Phase 2: Agent Execution & Background Ingestion (30 seconds)

(Matches step b: Running the BQAA plugin on a simulated Yahoo agent)

  • Action: Execute a simulated ADCP (Ad Context Protocol) campaign brief in the terminal or UI (e.g., "Launch a $50k brand awareness campaign targeting Gen Z").
  • Talk Track: "We are now triggering a simulated Yahoo buyer-side agent to negotiate an ad buy. As the agent plans the campaign, the BigQuery Agent Analytics (BQAA) plugin asynchronously streams the execution telemetry into BigQuery. Behind the scenes, we use AI.GENERATE with a strict JSON output_schema to automatically extract the agent's unstructured reasoning into typed decision nodes and edges, populating the context graph in real-time."

Phase 3: Conversational Analytics & GQL Reasoning (90 seconds)

(Matches step c: Asking business questions and retrieving decision traces)

  • Action: Open Conversational Analytics (CA) in BigQuery or the interactive query explorer. Ask business questions to trace the decision.
  • Question 1: "Which ad candidates were considered for the Nike campaign, and why were the others rejected?"
  • Visual/Query: Show the system translating this into a native GQL traversal query:
    GRAPH `project.dataset.agent_context_graph`
    MATCH (dp:DecisionPoint)-[ce:CandidateEdge]->(cand:CandidateNode)
    WHERE dp.session_id = 'sess-nike-summer' AND ce.edge_type = 'DROPPED_CANDIDATE'
    RETURN cand.name, cand.score, cand.rejection_rationale
  • Talk Track: "Using GQL, we can traverse the graph to answer exactly why the agent acted the way it did. The results show that while the agent selected 'Athletes 18-35', it explicitly dropped 'Fitness Enthusiasts' due to 'Budget constraints'. It tells us exactly why we sold to one target instead of another."

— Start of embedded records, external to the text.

lemma lsc_fun_tilt:
  assumes "lsc_fun f"
  shows "lsc_fun (tilt f u)"
  unfolding lsc_fun_iff_eventually_gt
proof (intro allI impI)
  fix x y assume "y < tilt f u x"
  then obtain r where r: "y < ereal r" "ereal r < tilt f u x"
    using ereal_dense2 by blast
  then obtain s where s: "r + inner u x < s" "ereal s < f x"
    using ereal_dense2[of "ereal (r + inner u x)" "f x"] by (auto simp: ereal_less_tilt_iff)
  have "eventually (\<lambda>z. ereal s < f z) (at x)"
    using assms s(2) unfolding lsc_fun_iff_eventually_gt by blast
  moreover have "eventually (\<lambda>z. r + inner u z < s) (at x)"
    by (rule order_tendstoD(2)[OF _ s(1)]) (intro tendsto_intros)
  ultimately show "eventually (\<lambda>z. y < tilt f u z) (at x)"
  proof eventually_elim
    case (elim z)
    then have "ereal (r + inner u z) < f z"
      using order.strict_trans[of "ereal (r + inner u z)" "ereal s"] by simp
    then have "ereal r < tilt f u z"
      by (simp add: ereal_less_tilt_iff)
    then show ?case using r(1) by simp
  qed
qed

lemma robustly_quasiconvex_tilt:
  assumes "robustly_quasiconvex \<alpha> f" "norm u < \<alpha>"
  shows "quasiconvex_fun (tilt f u)"
proof -
  have "tilt f u = (\<lambda>x. f x + ereal (inner (- u) x))"
    unfolding tilt_def by (simp add: minus_ereal_def)
  then show ?thesis
    using assms unfolding robustly_quasiconvex_def by (metis norm_minus_cancel)
qed

lemma robustly_quasiconvex_tilt_le_max:
  assumes "robustly_quasiconvex \<alpha> f" "norm u < \<alpha>" "x \<in> edom f" "y \<in> edom f"
    and "0 \<le> l" "l \<le> 1"
  shows "tilt f u (l *\<^sub>R x + (1 - l) *\<^sub>R y) \<le> max (tilt f u x) (tilt f u y)"
  using robustly_quasiconvex_tilt[OF assms(1,2)] assms(3-)
  unfolding quasiconvex_fun_def edom_tilt by blast

lemma Kq_if_nonincreasing:
  assumes "proper_fun f" "\<And>x t. x \<in> edom f \<Longrightarrow> t > 0 \<Longrightarrow> f (x + t *\<^sub>R d) \<le> f x"
  shows "d \<in> Kq f"
  unfolding Kq_def q_asymptotic_def
proof (intro CollectI SUP_least)
  fix x t assume x: "x \<in> edom f" and t: "t \<in> {0::real<..}"
  obtain a where a: "f x = ereal a" using proper_fun_real_on_edom[OF assms(1) x] .
  have "f (x + t *\<^sub>R d) \<le> ereal a" using assms(2)[OF x] t a by auto
  moreover have "f (x + t *\<^sub>R d) \<noteq> -\<infinity>" using assms(1) unfolding proper_fun_def by auto
  ultimately obtain b where "f (x + t *\<^sub>R d) = ereal b" "b \<le> a"
    by (cases "f (x + t *\<^sub>R d)") auto
  then show "(f (x + t *\<^sub>R d) - f x) / ereal t \<le> 0"
    using t a by (simp add: divide_le_0_iff)
qed

lemma tilt_antimono_along_bounded_ray:
  assumes rqc: "robustly_quasiconvex \<alpha> f" and pr: "proper_fun f" and lsc: "lsc_fun f"
    and v: "norm v < \<alpha>" "inner v d > 0"
    and bnd: "\<And>s. s \<ge> 0 \<Longrightarrow> f (x0 + s *\<^sub>R d) \<le> ereal M"
    and x: "x \<in> edom f" and t: "t > 0"
  shows "tilt f v (x + t *\<^sub>R d) \<le> tilt f v x"
proof -
  obtain a where a: "f x = ereal a" using proper_fun_real_on_edom[OF pr x] .
  then have tilt_x: "tilt f v x = ereal (a - inner v x)" unfolding tilt_def by simp
  define s where "s n = t + real n" for n
  define y where "y n = x0 + s n *\<^sub>R d" for n
  define w where "w n = t / s n" for n
  \<comment> \<open>p n lies on the segment [x, y n] and tends to x + t d, while f_v (y n) tends to -\<infinity>\<close>
  define p where "p n = (1 - w n) *\<^sub>R x + w n *\<^sub>R y n" for n
  have s_pos: "s n > 0" for n using t unfolding s_def by simp
  have y_le: "f (y n) \<le> ereal M" for n using bnd s_pos[of n] unfolding y_def by simp
  then have y_dom: "y n \<in> edom f" for n by (rule edom_if_le_ereal)
  have tilt_y: "tilt f v (y n) \<le> ereal (M - inner v x0 - s n * inner v d)" for n
    using y_le[of n] unfolding tilt_le_ereal_iff y_def by (simp add: inner_add_right)
  have "filterlim s at_top sequentially"
    unfolding s_def by (rule filterlim_tendsto_add_at_top[OF tendsto_const filterlim_real_sequentially])
  then have "eventually (\<lambda>n. (M - inner v x0 - (a - inner v x)) / inner v d < s n) sequentially"
    by (simp add: filterlim_at_top_dense)
  then have p_below: "eventually (\<lambda>n. tilt f v (p n) \<le> ereal (a - inner v x)) sequentially"
    unfolding tilt_x[symmetric]
  proof eventually_elim
    case (elim n)
    then have "M - inner v x0 - s n * inner v d < a - inner v x"
      using v(2) by (simp add: field_simps)
    then have "tilt f v (y n) \<le> tilt f v x"
      by (intro order_trans[OF tilt_y[of n]]) (simp add: tilt_x)
    moreover have "0 \<le> 1 - w n" "1 - w n \<le> 1"
      using s_pos[of n] t unfolding w_def s_def by (auto simp: field_simps)
    ultimately show ?case
      using robustly_quasiconvex_tilt_le_max[OF rqc v(1) x y_dom[of n], of "1 - w n"]
      unfolding p_def by (simp add: max_absorb1)
  qed
  have p_lim: "p \<longlonglongrightarrow> x + t *\<^sub>R d"
  proof -
    have p_eq: "p = (\<lambda>n. x + t *\<^sub>R d + w n *\<^sub>R (x0 - x))"
      using s_pos unfolding p_def y_def w_def by (simp add: algebra_simps less_imp_neq[symmetric])
    have "w \<longlonglongrightarrow> 0"
      unfolding w_def using \<open>filterlim s at_top sequentially\<close>
      by (intro tendsto_divide_0[OF tendsto_const] filterlim_at_top_imp_at_infinity)
    then have "p \<longlonglongrightarrow> x + t *\<^sub>R d + 0 *\<^sub>R (x0 - x)"
      unfolding p_eq by (intro tendsto_intros)
    then show ?thesis by simp
  qed
  show ?thesis
    using lsc_fun_le_limit[OF lsc_fun_tilt[OF lsc] p_lim p_below tendsto_const] tilt_x by simp
qed

lemma Kq_if_bounded_above_on_ray:
  assumes rqc: "robustly_quasiconvex \<alpha> f" and "\<alpha> > 0" and pr: "proper_fun f" and lsc: "lsc_fun f"
    and bnd: "\<And>s. s \<ge> 0 \<Longrightarrow> f (x0 + s *\<^sub>R d) \<le> ereal M"
  shows "d \<in> Kq f"
proof (rule Kq_if_nonincreasing[OF pr])
  fix x and t :: real assume x: "x \<in> edom f" and t: "t > 0"
  show "f (x + t *\<^sub>R d) \<le> f x"
  proof (cases "d = 0")
    case False
    obtain a where a: "f x = ereal a" using proper_fun_real_on_edom[OF pr x] .
    define c where "c n = \<alpha> / (2 * norm d * real (Suc n))" for n
    have bound: "f (x + t *\<^sub>R d) \<le> ereal (a + c n * t * inner d d)" for n
    proof -
      have c_pos: "c n > 0" using \<open>\<alpha> > 0\<close> False unfolding c_def by simp
      have "norm (c n *\<^sub>R d) = \<alpha> / (2 * real (Suc n))"
        using \<open>\<alpha> > 0\<close> False unfolding c_def by simp
      also have "\<dots> < \<alpha>" using \<open>\<alpha> > 0\<close> by (simp add: field_simps add_pos_nonneg)
      finally have norm_lt: "norm (c n *\<^sub>R d) < \<alpha>" .
      have inner_pos: "inner (c n *\<^sub>R d) d > 0" using c_pos False by simp
      have "tilt f (c n *\<^sub>R d) (x + t *\<^sub>R d) \<le> tilt f (c n *\<^sub>R d) x"
        by (rule tilt_antimono_along_bounded_ray[OF rqc pr lsc norm_lt inner_pos bnd x t])
      moreover have "tilt f (c n *\<^sub>R d) x = ereal (a - inner (c n *\<^sub>R d) x)"
        by (simp add: tilt_def a)
      ultimately have "f (x + t *\<^sub>R d) \<le> ereal (a - inner (c n *\<^sub>R d) x + inner (c n *\<^sub>R d) (x + t *\<^sub>R d))"
        by (simp only: tilt_le_ereal_iff[symmetric])
      then show ?thesis by (simp add: inner_add_right algebra_simps)
    qed
    have lim: "(\<lambda>n. ereal (a + c n * t * inner d d)) \<longlonglongrightarrow> ereal (a + 0 * t * inner d d)"
    proof -
      have "c \<longlonglongrightarrow> 0"
        using LIMSEQ_Suc[OF lim_const_over_n[of "\<alpha> / (2 * norm d)"]] unfolding c_def by simp
      then show ?thesis by (intro tendsto_intros)
    qed
    show ?thesis
      using LIMSEQ_le_const[OF lim] bound a by auto
  qed simp
qed

lemma asymptotic_cone_if_normalized_limit:
  assumes "\<And>k. x k \<in> X" "filterlim r at_top sequentially"
    and "(\<lambda>k. (1 / r k) *\<^sub>R (x k - x0)) \<longlonglongrightarrow> d"
  shows "d \<in> asymptotic_cone X"
  unfolding asymptotic_cone_def
proof (intro CollectI exI conjI allI)
  have "(\<lambda>k. 1 / r k) \<longlonglongrightarrow> 0"
    by (rule tendsto_divide_0[OF tendsto_const filterlim_at_top_imp_at_infinity[OF assms(2)]])
  then have "(\<lambda>k. (1 / r k) *\<^sub>R (x k - x0) + (1 / r k) *\<^sub>R x0) \<longlonglongrightarrow> d + 0 *\<^sub>R x0"
    using assms(3) by (intro tendsto_intros)
  then show "(\<lambda>k. (1 / r k) *\<^sub>R x k) \<longlonglongrightarrow> d"
    by (simp add: scaleR_diff_right)
qed (use assms in auto)

lemma ray_below_if_escaping_sublevel_points:
  assumes rqc: "robustly_quasiconvex \<alpha> f" and pr: "proper_fun f" and lsc: "lsc_fun f"
    and x0: "x0 \<in> edom f"
    and u: "uk \<longlonglongrightarrow> 0" "\<And>k. norm (uk k) < \<alpha>"
    and x: "\<And>k. x k \<in> edom f" "\<And>k. tilt f (uk k) (x k) \<le> tilt f (uk k) x0"
    and r: "filterlim r at_top sequentially" "(\<lambda>k. (1 / r k) *\<^sub>R (x k - x0)) \<longlonglongrightarrow> d"
    and s: "s \<ge> 0"
  shows "f (x0 + s *\<^sub>R d) \<le> f x0"
proof -
  obtain a where a: "f x0 = ereal a" using proper_fun_real_on_edom[OF pr x0] .
  define e where "e k = (1 / r k) *\<^sub>R (x k - x0)" for k
  define y where "y k = x0 + s *\<^sub>R e k" for k
  have "eventually (\<lambda>k. s < r k) sequentially"
    using r(1) by (simp add: filterlim_at_top_dense)
  then have "eventually (\<lambda>k. f (y k) \<le> ereal (a + inner (uk k) (s *\<^sub>R e k))) sequentially"
  proof eventually_elim
    case (elim k)
    define l where "l = s / r k"
    have l: "0 \<le> l" "l \<le> 1" using elim s unfolding l_def by auto
    have y_eq: "y k = l *\<^sub>R x k + (1 - l) *\<^sub>R x0"
      using elim s unfolding y_def e_def l_def by (simp add: algebra_simps)
    have "tilt f (uk k) (y k) \<le> tilt f (uk k) x0"
      using robustly_quasiconvex_tilt_le_max[OF rqc u(2)[of k] x(1)[of k] x0 l] x(2)[of k]
      unfolding y_eq by (simp add: max_absorb2)
    also have "\<dots> = ereal (a - inner (uk k) x0)" by (simp add: tilt_def a)
    finally show ?case
      unfolding tilt_le_ereal_iff by (simp add: y_def inner_add_right)
  qed
  moreover have "y \<longlonglongrightarrow> x0 + s *\<^sub>R d"
    using r(2) unfolding y_def e_def by (intro tendsto_intros)
  moreover have "(\<lambda>k. a + inner (uk k) (s *\<^sub>R e k)) \<longlonglongrightarrow> a + inner 0 (s *\<^sub>R d)"
    using u(1) r(2) unfolding e_def by (intro tendsto_intros)
  ultimately show ?thesis
    using lsc_fun_le_limit[OF lsc] a by fastforce
qed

Phase 4: Operations Research & Optimization (Bonus) (45 seconds)

(Matches step d: Where can we do better in this bidding process?)

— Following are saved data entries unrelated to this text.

(* Let $\alpha>1$, let $u_0\in L^\infty(0,\infty)$ be nonnegative with compact support, $m_0(\rho)=\int_0^\rho u_0$, $M=\|u_0\|_{L^1}>0$, let $m$ be the viscosity solution of the mass problem with datum $m_0$, and $S(t)=\inf\{\rho: m(t,\rho)=M\}$. Then for all $t>0$ $$0\le\frac{S(t)}{M(\alpha t)^{1/\alpha}}-1\le\frac{S(0)}{M}(\alpha t)^{-1/\alpha},$$ and for every $\varepsilon>0$ $$\sup_{y\ge\varepsilon}\left|\frac{m\big(t,M(\alpha t)^{1/\alpha}y\big)}{M\,G(y)}-1\right|\to0\quad\text{as }t\to+\infty,\qquad G(y)=\begin{cases}y,&y\le1,\\1,&y>1.\end{cases}$$
   Context: The mass problem is $m_t+(m_\rho)_+^\alpha m=0$ ($t,\rho>0$), $m(t,0)=0$, $m(0,\cdot)=m_0$, understood in the viscosity sense (Crandall–Lions, with Fréchet super/subdifferentials), for which there is a unique bounded uniformly continuous viscosity solution for bounded uniformly continuous non-decreasing $m_0$ with $m_0(0)=0$. Here $\rho\ge0$ is the volume variable for radial densities and $u=m_\rho$. *)

theory Defs
  imports "HOL-Analysis.Analysis"
begin

definition quadrant :: "(real \<times> real) set" where
  "quadrant = {0<..} \<times> {0<..}"

definition frechet_superdiff ::
  "(real \<times> real \<Rightarrow> real) \<Rightarrow> real \<times> real \<Rightarrow> (real \<times> real) set" where
  "frechet_superdiff w z = {(a, b). \<forall>e>0. \<exists>d>0. \<forall>s r. (s, r) \<in> quadrant \<and> dist (s, r) z < d \<longrightarrow>
      w (s, r) - w z - a * (s - fst z) - b * (r - snd z) \<le> e * dist (s, r) z}"

definition frechet_subdiff ::
  "(real \<times> real \<Rightarrow> real) \<Rightarrow> real \<times> real \<Rightarrow> (real \<times> real) set" where
  "frechet_subdiff w z = {(a, b). \<forall>e>0. \<exists>d>0. \<forall>s r. (s, r) \<in> quadrant \<and> dist (s, r) z < d \<longrightarrow>
      w (s, r) - w z - a * (s - fst z) - b * (r - snd z) \<ge> - e * dist (s, r) z}"

text \<open>Viscosity (Crandall--Lions) solution of m_t + (m_rho)_+^alpha m = 0 in (0,\<infinity>)^2,
  for a function continuous on [0,\<infinity>)^2.\<close>
definition mass_visc_sol :: "real \<Rightarrow> (real \<Rightarrow> real \<Rightarrow> real) \<Rightarrow> bool" where
  "mass_visc_sol \<alpha> m \<longleftrightarrow>
     continuous_on ({0..} \<times> {0..}) (\<lambda>(t, \<rho>). m t \<rho>) \<and>
     (\<forall>z\<in>quadrant. \<forall>(a, b)\<in>frechet_superdiff (\<lambda>(t, \<rho>). m t \<rho>) z.
        a + (max b 0) powr \<alpha> * m (fst z) (snd z) \<le> 0) \<and>
     (\<forall>z\<in>quadrant. \<forall>(a, b)\<in>frechet_subdiff (\<lambda>(t, \<rho>). m t \<rho>) z.
        a + (max b 0) powr \<alpha> * m (fst z) (snd z) \<ge> 0)"

definition mass_problem_solution ::
  "real \<Rightarrow> (real \<Rightarrow> real) \<Rightarrow> (real \<Rightarrow> real \<Rightarrow> real) \<Rightarrow> bool" where
  "mass_problem_solution \<alpha> m0 m \<longleftrightarrow>
     mass_visc_sol \<alpha> m \<and>
     uniformly_continuous_on ({0..} \<times> {0..}) (\<lambda>(t, \<rho>). m t \<rho>) \<and>
     bounded ((\<lambda>(t, \<rho>). m t \<rho>) ` ({0..} \<times> {0..})) \<and>
     (\<forall>t\<ge>0. m t 0 = 0) \<and>
     (\<forall>\<rho>\<ge>0. m 0 \<rho> = m0 \<rho>)"

definition G_profile :: "real \<Rightarrow> real" where
  "G_profile y = (if y \<le> 1 then y else 1)"

end

theory Submission
  imports Defs
begin

text \<open>Both estimates follow by comparing \<open>m\<close> with explicit barriers built from
  \<open>L(t) = (\<alpha> t) powr (-1/\<alpha>)\<close>. The function \<open>min (\<rho> L(t + \<tau>)) M\<close> is a supersolution, above the
  datum once \<open>L(\<tau>)\<close> bounds its slope; \<open>M G((\<rho> - S(0)) L(t + \<tau>) / M)\<close>, with the corner of \<open>G\<close>
  rounded off, is a subsolution below it. Sending \<open>\<tau>\<close> to \<open>0\<close> gives, for \<open>t > 0\<close>,
  \<open>M G((\<rho> - S(0)) L(t) / M) \<le> m(t, \<rho>) \<le> M G(\<rho> L(t) / M)\<close>. These bounds confine the front
  \<open>S(t)\<close> to \<open>[M / L(t), S(0) + M / L(t)]\<close>, and since \<open>S(0) L(t) \<rightarrow> 0\<close> they squeeze the
  rescaled profile onto \<open>M G\<close>. Comparison is proved directly: the maximum of \<open>m\<close> minus a barrier,
  penalised linearly so that it exists and lies off the boundary, would make the barrier a test
  function violating the viscosity inequality.\<close>

section \<open>Test functions and penalised maxima\<close>

lemma frechet_subdiff_iff_superdiff_uminus:
  "(a, b) \<in> frechet_subdiff w z \<longleftrightarrow> (- a, - b) \<in> frechet_superdiff (\<lambda>x. - w x) z"
  unfolding frechet_subdiff_def frechet_superdiff_def by (simp add: algebra_simps)

lemma frechet_superdiff_at_max:
  fixes w P :: "real \<times> real \<Rightarrow> real"
  assumes z: "z \<in> quadrant"
    and P: "(P has_derivative (\<lambda>h. a * fst h + b * snd h)) (at z)"
    and max: "\<And>x. x \<in> quadrant \<Longrightarrow> w x - P x \<le> w z - P z"
  shows "(a, b) \<in> frechet_superdiff w z"
  unfolding frechet_superdiff_def
proof (clarify)
  fix e :: real assume "e > 0"
  with P obtain d where "d > 0" and d: "\<And>y. norm (y - z) < d \<Longrightarrow>
      norm (P y - P z - (a * fst (y - z) + b * snd (y - z))) \<le> e * norm (y - z)"
    unfolding has_derivative_at_alt by blast
  have "w (s, r) - w z - a * (s - fst z) - b * (r - snd z) \<le> e * dist (s, r) z"
    if "(s, r) \<in> quadrant" "dist (s, r) z < d" for s r
    using d[of "(s, r)"] max[of "(s, r)"] that by (cases z) (auto simp: dist_norm abs_le_iff)
  with \<open>d > 0\<close> show "\<exists>d>0. \<forall>s r. (s, r) \<in> quadrant \<and> dist (s, r) z < d \<longrightarrow>
      w (s, r) - w z - a * (s - fst z) - b * (r - snd z) \<le> e * dist (s, r) z" by blast
qed

lemma frechet_subdiff_at_min:
  fixes w P :: "real \<times> real \<Rightarrow> real"
  assumes z: "z \<in> quadrant"
    and P: "(P has_derivative (\<lambda>h. a * fst h + b * snd h)) (at z)"
    and min: "\<And>x. x \<in> quadrant \<Longrightarrow> w z - P z \<le> w x - P x"
  shows "(a, b) \<in> frechet_subdiff w z"
proof -
  have "((\<lambda>x. - P x) has_derivative (\<lambda>h. (- a) * fst h + (- b) * snd h)) (at z)"
    using has_derivative_minus[OF P] by simp
  from frechet_superdiff_at_max[OF z this] min
  show ?thesis unfolding frechet_subdiff_iff_superdiff_uminus by force
qed

lemma continuous_attains_inf_coercive_quadrant:
  fixes F :: "real \<times> real \<Rightarrow> real"
  assumes cont: "continuous_on ({0..} \<times> {0..}) F" and c: "c > 0"
    and coercive: "\<And>x. x \<in> {0..} \<times> {0..} \<Longrightarrow> c * (fst x + snd x) - K \<le> F x"
  obtains z where "z \<in> {0..} \<times> {0..}" "\<And>x. x \<in> {0..} \<times> {0..} \<Longrightarrow> F z \<le> F x"
proof -
  define R where "R = (\<bar>K\<bar> + \<bar>F (0, 0)\<bar> + 1) / c"
  have R: "R \<ge> 0" "c * R = \<bar>K\<bar> + \<bar>F (0, 0)\<bar> + 1" using c by (simp_all add: R_def)
  have "compact ({0..R} \<times> {0..R})" "{0..R} \<times> {0..R} \<noteq> {}"
    using R(1) by (auto intro: compact_Times)
  moreover have "continuous_on ({0..R} \<times> {0..R}) F"
    by (rule continuous_on_subset[OF cont]) auto
  ultimately obtain z where z: "z \<in> {0..R} \<times> {0..R}"
    and min: "\<And>x. x \<in> {0..R} \<times> {0..R} \<Longrightarrow> F z \<le> F x"
    using continuous_attains_inf by metis
  have "F z \<le> F x" if x: "x \<in> {0..} \<times> {0..}" for x
  proof (cases "x \<in> {0..R} \<times> {0..R}")
    case False
    then have "c * R \<le> c * (fst x + snd x)" using x c by (auto simp: mem_Times_iff)
    then have "F (0, 0) < F x" using coercive[OF x] R(2) by linarith
    moreover have "F z \<le> F (0, 0)" using min R(1) by simp
    ultimately show ?thesis by simp
  qed (rule min)
  with z that show ?thesis by auto
qed

text \<open>The linear penalisation makes the maximisation coercive; the sign conditions on the
  boundary keep the maximum point off it.\<close>
lemma penalized_max_in_quadrant:
  fixes D :: "real \<times> real \<Rightarrow> real"
  assumes cont: "continuous_on ({0..} \<times> {0..}) D"
    and bound: "\<And>x. x \<in> {0..} \<times> {0..} \<Longrightarrow> D x \<le> K"
    and x0: "x0 \<in> {0..} \<times> {0..}" "D x0 > 0"
    and initial: "\<And>\<rho>. \<rho> \<ge> 0 \<Longrightarrow> D (0, \<rho>) \<le> 0"
    and boundary: "\<And>t. t \<ge> 0 \<Longrightarrow> D (t, 0) \<le> 0"
  obtains \<epsilon> z where "\<epsilon> > 0" "z \<in> quadrant" "\<epsilon> * (fst z + snd z) < D z"
    "\<And>x. x \<in> quadrant \<Longrightarrow> D x - \<epsilon> * (fst x + snd x) \<le> D z - \<epsilon> * (fst z + snd z)"
proof -
  define n where "n = 1 + fst x0 + snd x0"
  have n: "n > 0" "fst x0 + snd x0 \<le> n" using x0(1) by (auto simp: n_def mem_Times_iff)
  define \<epsilon> where "\<epsilon> = D x0 / (2 * n)"
  have \<epsilon>: "\<epsilon> > 0" using n x0(2) by (simp add: \<epsilon>_def)
  have x0_above: "\<epsilon> * (fst x0 + snd x0) < D x0"
  proof -
    have "\<epsilon> * (fst x0 + snd x0) \<le> \<epsilon> * n" using \<epsilon> n by simp
    also have "\<dots> < D x0" using n x0(2) by (simp add: \<epsilon>_def)
    finally show ?thesis .
  qed
  define F where "F x = \<epsilon> * (fst x + snd x) - D x" for x
  have "continuous_on ({0..} \<times> {0..}) F"
    unfolding F_def by (intro continuous_intros cont)
  moreover have "\<epsilon> * (fst x + snd x) - K \<le> F x" if "x \<in> {0..} \<times> {0..}" for x
    using bound[OF that] by (simp add: F_def)
  ultimately obtain z where z: "z \<in> {0..} \<times> {0..}"
      and min: "\<And>x. x \<in> {0..} \<times> {0..} \<Longrightarrow> F z \<le> F x"
    using continuous_attains_inf_coercive_quadrant \<epsilon> by metis
  have neg: "F z < 0" using min[OF x0(1)] x0_above by (simp add: F_def)
  obtain t \<rho> where z_eq: "z = (t, \<rho>)" by fastforce
  have t: "t \<ge> 0" "\<rho> \<ge> 0" using z by (simp_all add: z_eq)
  then have pen: "\<epsilon> * t \<ge> 0" "\<epsilon> * \<rho> \<ge> 0" using \<epsilon> by simp_all
  have "t \<noteq> 0" using neg initial[of \<rho>] pen(2) t by (auto simp: z_eq F_def)
  moreover have "\<rho> \<noteq> 0" using neg boundary[of t] pen(1) t by (auto simp: z_eq F_def)
  ultimately have "z \<in> quadrant" using t by (simp add: z_eq quadrant_def)
  moreover have "D x - \<epsilon> * (fst x + snd x) \<le> D z - \<epsilon> * (fst z + snd z)" if "x \<in> quadrant" for x
    using min[of x] that by (auto simp: quadrant_def F_def)
  ultimately show ?thesis using that[OF \<epsilon>] neg by (simp add: F_def)
qed

section \<open>Barriers\<close>

text \<open>\<open>L(t) = (\<alpha> t) powr (-1/\<alpha>)\<close> solves \<open>L' = - L powr (\<alpha> + 1)\<close>, so \<open>\<rho> L(t + \<tau>)\<close> solves
  the mass equation exactly; it is the slope of both barriers.\<close>
definition decay_rate :: "real \<Rightarrow> real \<Rightarrow> real" where
  "decay_rate \<alpha> t = (\<alpha> * t) powr (- 1 / \<alpha>)"

context
  fixes \<alpha> :: real assumes \<alpha>: "\<alpha> > 0"
begin

lemma decay_rate_pos: "t > 0 \<Longrightarrow> decay_rate \<alpha> t > 0"
  using \<alpha> by (simp add: decay_rate_def)

lemma decay_rate_powr: "t > 0 \<Longrightarrow> decay_rate \<alpha> t powr \<alpha> = 1 / (\<alpha> * t)"
  unfolding decay_rate_def powr_powr using \<alpha> by (simp add: powr_minus divide_inverse)

lemma powr_inverse_eq_decay_rate: "(\<alpha> * t) powr (1 / \<alpha>) = 1 / decay_rate \<alpha> t"
  by (simp add: decay_rate_def powr_minus_divide)

lemma has_real_derivative_decay_rate:
  assumes "t > 0" shows "(decay_rate \<alpha> has_real_derivative - decay_rate \<alpha> t / (\<alpha> * t)) (at t)"
proof -
  have "((\<lambda>t. (\<alpha> * t) powr (- 1 / \<alpha>)) has_real_derivative
      (- 1 / \<alpha>) * (\<alpha> * t) powr (- 1 / \<alpha> - 1) * \<alpha>) (at t)"
    using \<alpha> assms by (auto intro!: derivative_eq_intros)
  then show ?thesis using \<alpha> assms by (simp add: decay_rate_def[abs_def] powr_diff)
qed

lemma decay_rate_antimono: "0 < s \<Longrightarrow> s \<le> t \<Longrightarrow> decay_rate \<alpha> t \<le> decay_rate \<alpha> s"
  using \<alpha> unfolding decay_rate_def by (intro powr_mono2') auto

lemma decay_rate_powr_neg_div: "C > 0 \<Longrightarrow> decay_rate \<alpha> (C powr (- \<alpha>) / \<alpha>) = C"
  using \<alpha> by (simp add: decay_rate_def powr_powr)

lemma decay_rate_tendsto_0: "(decay_rate \<alpha> \<longlongrightarrow> 0) at_top"
  unfolding decay_rate_def[abs_def]
  using \<alpha> by (intro tendsto_neg_powr filterlim_tendsto_pos_mult_at_top[OF tendsto_const] filterlim_ident)
    (auto simp: divide_neg_pos)

lemma has_real_derivative_decay_rate_shift:
  assumes "t + \<tau> > 0"
  shows "((\<lambda>s. decay_rate \<alpha> (s + \<tau>)) has_real_derivative
      - decay_rate \<alpha> (t + \<tau>) / (\<alpha> * (t + \<tau>))) (at t)"
proof -
  have "((\<lambda>s. s + \<tau>) has_real_derivative 1) (at t)" by (auto intro!: derivative_eq_intros)
  from DERIV_chain2[OF has_real_derivative_decay_rate[OF assms] this] show ?thesis by simp
qed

  • Action: Pivot to an aggregated dashboard or analytical query summarizing RejectionReason nodes across thousands of sessions.
  • Talk Track: "Because these decisions are modeled as a graph, we can move from reactive auditing to proactive Operations Research. If we ask, 'Where can we do better in this bidding process?', we can aggregate the RejectionReason nodes across the graph. If we see a massive cluster of dropped candidates due to 'floor price exceeded', it alerts our yield operations team that our pricing may be misaligned with current market demand. This closes the loop—allowing us to continuously optimize agent actions and update our business constraints based on real-world outcomes."